In response to his comment that transmission lines could be constructed from the Great Plains to the east coast, I said such lines would be extremely controversial in New York, and giant battles were waged in the 1970s and 1980s in opposition to in-state proposed lines. He responded that public opposition is real but that since the society as a whole would benefit from the lines, those negatively impacted from their construction should be compensated.

In response to another question, he predicted that some day, giant wind farms will be developed simultaneously with high voltage transmission lines to bring electricity from New Mexico to California.
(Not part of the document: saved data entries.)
(* Let $\Bbbk$ be an algebraically closed field of characteristic zero and $H$ the $\Bbbk$-algebra generated by $b,c,z$ with relations $b^2=c^2=1$, $bc=cb$, $zb=-bz$, $zc=-cz$, $z^2=0$. Let $e_0=\frac14(1+b)(1+c)$, $e_1=\frac14(1+b)(1-c)$, $e_2=\frac14(1-b)(1+c)$, $e_3=\frac14(1-b)(1-c)$. Then the two-sided ideals of $H$ are exactly the following $49$ pairwise distinct ideals: $(0)$, $(1)$, $(e_0)$, $(e_1)$, $(e_2)$, $(e_3)$, $(e_0+e_1)$, $(e_0+e_2)$, $(e_0+e_3)$, $(e_1+e_2)$, $(e_1+e_3)$, $(e_2+e_3)$, $(e_0+e_1+e_2)$, $(e_0+e_1+e_3)$, $(e_0+e_2+e_3)$, $(e_1+e_2+e_3)$, $(z)$, $(ze_0)$, $(ze_1)$, $(ze_2)$, $(ze_3)$, $(z(e_0+e_1))$, $(z(e_0+e_2))$, $(z(e_0+e_3))$, $(z(e_1+e_2))$, $(z(e_1+e_3))$, $(z(e_2+e_3))$, $(z(e_0+e_1+e_2))$, $(z(e_0+e_1+e_3))$, $(z(e_0+e_2+e_3))$, $(z(e_1+e_2+e_3))$, $(z+e_0)$, $(ze_1+e_0)$, $(ze_2+e_0)$, $(z+e_1)$, $(ze_0+e_1)$, $(ze_3+e_1)$, $(z+e_2)$, $(ze_0+e_2)$, $(ze_3+e_2)$, $(z+e_3)$, $(ze_1+e_3)$, $(ze_2+e_3)$, $(z+e_0+e_3)$, $(ze_1+e_0+e_3)$, $(ze_2+e_0+e_3)$, $(z+e_1+e_2)$, $(ze_0+e_1+e_2)$, $(ze_3+e_1+e_2)$.
   Context: $(a)$ denotes the two-sided ideal of $H$ generated by $a$. *)

theory Defs
  imports "HOL-Computational_Algebra.Polynomial" "HOL-Algebra.Ideal"
begin

text \<open>An element is its coefficient function: x i j l is the
  coefficient of b^i c^j z^l (True = exponent 1, False = exponent 0).\<close>

type_synonym 'k hel = "bool \<Rightarrow> bool \<Rightarrow> bool \<Rightarrow> 'k"

text \<open>Product of monomials:
  (b^i1 c^j1 z^l1)(b^i2 c^j2 z^l2) = (-1)^(l1*(i2+j2)) b^(i1+i2) c^(j1+j2) z^(l1+l2),
  which is 0 when l1 = l2 = 1.\<close>

definition hmul :: "'k::field hel \<Rightarrow> 'k hel \<Rightarrow> 'k hel" where
  "hmul x y = (\<lambda>i j l. \<Sum>i1\<in>UNIV. \<Sum>j1\<in>UNIV. \<Sum>l1\<in>UNIV. \<Sum>l2\<in>UNIV.
      (let i2 = (i \<noteq> i1); j2 = (j \<noteq> j1) in
       if (l1 \<and> l2) \<or> (l1 \<or> l2) \<noteq> l then 0
       else (if l1 \<and> i2 \<noteq> j2 then -1 else 1) * x i1 j1 l1 * y i2 j2 l2))"

definition hadd :: "'k::field hel \<Rightarrow> 'k hel \<Rightarrow> 'k hel" where
  "hadd x y = (\<lambda>i j l. x i j l + y i j l)"

definition hsmul :: "'k::field \<Rightarrow> 'k hel \<Rightarrow> 'k hel" where
  "hsmul a x = (\<lambda>i j l. a * x i j l)"

definition hmono :: "bool \<Rightarrow> bool \<Rightarrow> bool \<Rightarrow> 'k::field hel" where
  "hmono i j l = (\<lambda>i' j' l'. if i' = i \<and> j' = j \<and> l' = l then 1 else 0)"

definition Halg :: "'k::field hel ring" where
  "Halg = \<lparr>carrier = UNIV, mult = hmul, one = hmono False False False,
           zero = (\<lambda>_ _ _. 0), add = hadd\<rparr>"

definition hb :: "'k::field hel" where "hb = hmono True False False"
definition hc :: "'k::field hel" where "hc = hmono False True False"
definition hz :: "'k::field hel" where "hz = hmono False False True"

definition e0 :: "'k::field hel" where
  "e0 = hsmul (1/4) (hmul (hadd \<one>\<^bsub>Halg\<^esub> hb) (hadd \<one>\<^bsub>Halg\<^esub> hc))"
definition e1 :: "'k::field hel" where
  "e1 = hsmul (1/4) (hmul (hadd \<one>\<^bsub>Halg\<^esub> hb) (hadd \<one>\<^bsub>Halg\<^esub> (hsmul (-1) hc)))"
definition e2 :: "'k::field hel" where
  "e2 = hsmul (1/4) (hmul (hadd \<one>\<^bsub>Halg\<^esub> (hsmul (-1) hb)) (hadd \<one>\<^bsub>Halg\<^esub> hc))"
definition e3 :: "'k::field hel" where
  "e3 = hsmul (1/4) (hmul (hadd \<one>\<^bsub>Halg\<^esub> (hsmul (-1) hb)) (hadd \<one>\<^bsub>Halg\<^esub> (hsmul (-1) hc)))"

definition H_relations :: "'k::field itself \<Rightarrow> bool" where
  "H_relations _ \<longleftrightarrow>
     hmul hb hb = (\<one>\<^bsub>Halg\<^esub> :: 'k hel) \<and> hmul hc hc = (\<one>\<^bsub>Halg\<^esub> :: 'k hel) \<and>
     hmul hb hc = (hmul hc hb :: 'k hel) \<and>
     hmul hz hb = hsmul (-1) (hmul hb hz :: 'k hel) \<and>
     hmul hz hc = hsmul (-1) (hmul hc hz :: 'k hel) \<and>
     hmul hz hz = (\<zero>\<^bsub>Halg\<^esub> :: 'k hel)"

lemma "H_relations TYPE(real)"
  unfolding H_relations_def hmul_def hb_def hc_def hz_def hmono_def Halg_def hsmul_def
  by (auto simp: fun_eq_iff UNIV_bool Let_def)

definition gens49 :: "'k::field hel list" where
  "gens49 = (let m = hmul; p = hadd; z = hz in
   [ \<zero>\<^bsub>Halg\<^esub>, \<one>\<^bsub>Halg\<^esub>, e0, e1, e2, e3,
     p e0 e1, p e0 e2, p e0 e3, p e1 e2, p e1 e3, p e2 e3,
     p (p e0 e1) e2, p (p e0 e1) e3, p (p e0 e2) e3, p (p e1 e2) e3,
     z, m z e0, m z e1, m z e2, m z e3,
     m z (p e0 e1), m z (p e0 e2), m z (p e0 e3), m z (p e1 e2), m z (p e1 e3), m z (p e2 e3),
     m z (p (p e0 e1) e2), m z (p (p e0 e1) e3), m z (p (p e0 e2) e3), m z (p (p e1 e2) e3),
     p z e0, p (m z e1) e0, p (m z e2) e0,
     p z e1, p (m z e0) e1, p (m z e3) e1,
     p z e2, p (m z e0) e2, p (m z e3) e2,
     p z e3, p (m z e1) e3, p (m z e2) e3,
     p z (p e0 e3), p (m z e1) (p e0 e3), p (m z e2) (p e0 e3),
     p z (p e1 e2), p (m z e0) (p e1 e2), p (m z e3) (p e1 e2) ])"

end

theory Submission
  imports Defs
begin

(*
  Decomposing by the characters of the Klein group generated by b and c, H has the basis
  e_pq, e_pq z (p, q boolean), where the e_pq are orthogonal idempotents with
  e_pq z = z e_(not p)(not q). Sandwiching an element between idempotents isolates each of
  its coordinates, so every ideal is spanned by the basis vectors it contains. It is thus
  described by a set S of idempotents and a set T of elements e_pq z, and the only
  constraint is that e_pq in S forces both e_pq z and z e_pq into T. The pairs
  {e_00, e_11} and {e_01, e_10} do not interact, each admits 4 + 3 = 7 configurations, and
  the 49 listed generators realise each of the 7 * 7 pairs (S, T) exactly once.
*)

definition chi :: "bool \<Rightarrow> bool \<Rightarrow> bool \<Rightarrow> bool \<Rightarrow> 'k::field" where
  "chi p q i j = (if (p \<and> i) = (q \<and> j) then 1 else -1)"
Final thoughts: Mr. Bouget obviously believes in wind power and sees it as a partial solution to our electricity needs and a great way to combat climate change. He is employed in the construction of giant wind turbines; he had nothing to say about small or tiny wind generation stations of one to ten kilowatts, nor was he questioned about them. I think he is overly optimistic about energy storage technologies. Being an immigrant, he may be unfamiliar with how controversial high voltage transmission line proposals are in the US. Power lines are opposed for visual, health, and environmental reasons. Many people would rather see electricity generated close to where it is used than transported a thousand miles or more. Buying electricity generated in Nebraska will not produce jobs here in New York whereas small-scale energy efficiency, ground-source geothermal, conservation, and solar will stimulate local economies, keep local wealth circulating within the state, and generate state and local taxes of many kinds. Siting large power stations are often controversial and many people no more want to see a 300- or 400-foot-tall wind station than a cell tower.